A lot of people think it’s a good thing to get a big refund check come April 15th, but it’s silly to treat the IRS like a savings account when you’re getting no benefit from your money. If you reduced your withholding and had that money in your hand throughout the year, you could at least put it in a savings account that pays interest and get some kind of return on your investment. The best strategy is to simply send in a check at the end of the year, and only pay exactly what you owe.
If your bank charges overdraft fees, see if you can use an advance from a credit card or savings account to cover any check that might otherwise bounce — if you get hit with a double fee for using another bank’s ATM, take a second to locate a fee-free machine before extracting cash — shop around to avoid charges for a low balance, an excessive number of transactions, or “extra” services. And there’s no reason on earth to pay an annual fee for a credit card, exorbitant rates for foreign transactions, cash advances, or balance transfers.

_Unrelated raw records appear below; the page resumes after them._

lemma pinned_position_taylor_coeff_vec:
  assumes "analytic_traj r n P" and "l + 1 \<le> n"
    and "\<forall>t. \<bar>t\<bar> < r \<longrightarrow> pinned_position idx l (P t)"
  shows "pinned_position idx l (\<lambda>m. taylor_coeff_vec i (\<lambda>t. P t m))"
proof -
  have coeff_in: "taylor_coeff_vec i (\<lambda>t. P t m) \<in> S"
    if "m \<in> {1..n}" "subspace S" "\<And>t. \<bar>t\<bar> < r \<Longrightarrow> P t m \<in> S" for m S
    using assms(1) that by (intro taylor_coeff_vec_in_subspace[of r]) (auto simp: analytic_traj_def)
  have "taylor_coeff_vec i (\<lambda>t. P t 1) \<in> {0}"
    using assms by (intro coeff_in subspace_single_0) (auto simp: pinned_position_def)
  moreover have "taylor_coeff_vec i (\<lambda>t. P t m) \<in> span (std_basis idx ` {1..m-1})" if "m \<in> {2..l+1}" for m
    using assms that by (intro coeff_in subspace_span) (auto simp: pinned_position_def)
  ultimately show ?thesis
    by (simp add: pinned_position_def)
qed

lemma k_trivialE:
  fixes P :: "real \<Rightarrow> nat \<Rightarrow> real ^ 'd"
  assumes "k_trivial k n P"
  obtains M \<beta>
  where "M 0 = mat 1"
    and "\<And>j v w. j \<noteq> 0 \<Longrightarrow> (\<Sum>u\<le>j. (M u *v w) \<bullet> (M (j - u) *v v)) = 0"
    and "\<And>i m. i \<le> k \<Longrightarrow> m \<in> {1..n} \<Longrightarrow> taylor_coeff_vec i (\<lambda>t. P t m) = M i *v P 0 m + \<beta> i"
proof -
  obtain \<rho> A b where \<rho>: "\<rho> > 0" and A_analytic: "\<And>a c. analytic_on_radius \<rho> (\<lambda>t. A t $ a $ c)"
    and b_analytic: "\<And>j. analytic_on_radius \<rho> (\<lambda>t. b t $ j)"
    and A_orth: "\<And>t. \<bar>t\<bar> < \<rho> \<Longrightarrow> orthogonal_matrix (A t)" and "A 0 = mat 1"
    and trivial: "\<And>i m j. i \<le> k \<Longrightarrow> m \<in> {1..n} \<Longrightarrow>
        taylor_coeff i (\<lambda>t. P t m $ j) = taylor_coeff i (\<lambda>t. (A t *v P 0 m + b t) $ j)"
    using assms unfolding k_trivial_def analytic_isom_traj_def by blast
  show ?thesis
  proof (rule that[of "\<lambda>i. taylor_coeff_mat i A" "\<lambda>i. taylor_coeff_vec i b"])
    show "taylor_coeff_mat 0 A = mat 1"
      using \<open>A 0 = mat 1\<close> by (simp add: taylor_coeff_mat_0)
    show "(\<Sum>u\<le>j. (taylor_coeff_mat u A *v w) \<bullet> (taylor_coeff_mat (j - u) A *v v)) = 0" if "j \<noteq> 0"
      for j v w
      by (rule taylor_coeff_mat_orthogonal[OF \<rho> A_analytic A_orth that])
    fix i m assume "i \<le> k" "m \<in> {1..n}"
    then have "taylor_coeff_vec i (\<lambda>t. P t m) = taylor_coeff_vec i (\<lambda>t. A t *v P 0 m + b t)"
      unfolding taylor_coeff_vec_def using trivial by simp
    then show "taylor_coeff_vec i (\<lambda>t. P t m) = taylor_coeff_mat i A *v P 0 m + taylor_coeff_vec i b"
      using taylor_coeff_vec_affine[OF \<rho> A_analytic b_analytic] by simp
  qed
qed

theorem lemmaA9:
  fixes idx :: "nat \<Rightarrow> 'd::finite" and n l k :: nat and r :: real
    and P :: "real \<Rightarrow> nat \<Rightarrow> real ^ 'd"
  assumes "bij_betw idx {1..CARD('d)} (UNIV :: 'd set)"
    and "pinned_config idx n l (P 0)"
    and "k \<ge> 1"
    and "analytic_traj r n P"
    and "\<forall>t. \<bar>t\<bar> < r \<longrightarrow> pinned_position idx l (P t)"
    and "k_trivial k n P"
  shows "k_vanishing k n P"
proof -
  let ?e = "std_basis idx" and ?Q = "\<lambda>i m. taylor_coeff_vec i (\<lambda>t. P t m)"
  have l_n: "l + 1 \<le> n"
    using assms(2) by (simp add: pinned_config_def)
  obtain M \<beta> where M0: "M 0 = mat 1"
    and orth_series: "\<And>j v w. j \<noteq> 0 \<Longrightarrow> (\<Sum>u\<le>j. (M u *v w) \<bullet> (M (j - u) *v v)) = 0"
    and coeff: "\<And>i m. i \<le> k \<Longrightarrow> m \<in> {1..n} \<Longrightarrow> ?Q i m = M i *v P 0 m + \<beta> i"
    using k_trivialE[OF assms(6)] by blast
  have Q_pinned: "pinned_position idx l (?Q i)" for i
    by (rule pinned_position_taylor_coeff_vec[OF assms(4) l_n assms(5)])
  have \<beta>: "\<beta> i = 0" if "i \<le> k" for i
    using coeff[OF that, of 1] Q_pinned[of i] assms(2) l_n by (simp add: pinned_config_def pinned_position_def)
  have upper: "M j *v ?e a \<in> span (?e ` {1..a})" if "j \<in> {1..k}" "a \<in> {1..l}" for j a
  proof (rule pinned_config_linear_upper_triangular[OF assms(2) matrix_vector_mul_linear _ that(2)])
    show "pinned_position idx l (\<lambda>m. M j *v P 0 m)"
      using Q_pinned[of j] coeff[of j] \<beta>[of j] that l_n by (auto simp: pinned_position_def)
  qed
  have basis_orth: "orthogonal (?e a) (?e b)" if "a \<in> {1..l}" "b \<in> {1..l}" "a \<noteq> b" for a b
    using orthogonal_std_basis[OF bij_betw_imp_inj_on[OF assms(1)]] pinned_config_le_card[OF assms(2)] that
    by auto
  have "?Q i m = 0" if "i \<in> {1..k}" "m \<in> {1..n}" for i m
    using orthogonal_series_triangular_coeffs_vanish[where l = l and k = k, OF M0 orth_series basis_orth upper]
      pinned_config_in_span[OF assms(2)] coeff[of i m] \<beta>[of i] that by auto
  then show ?thesis
    by (auto simp: k_vanishing_def taylor_coeff_vec_def taylor_coeff_def vec_eq_iff)
qed

end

Many of the companies with whom you currently do business offer unadvertised discounts, so get in the habit of quizzing them about your options. Can you save on insurance rates by having all of your policies under one carrier? Because you have a smoke detector or car alarm? Will your doctor give you a better price on health care services if you pay cash up front and file with the insurance company yourself? Can you get a break on a monthly service if you pay for a year’s worth in advance? You’ll never know if you don’t ask!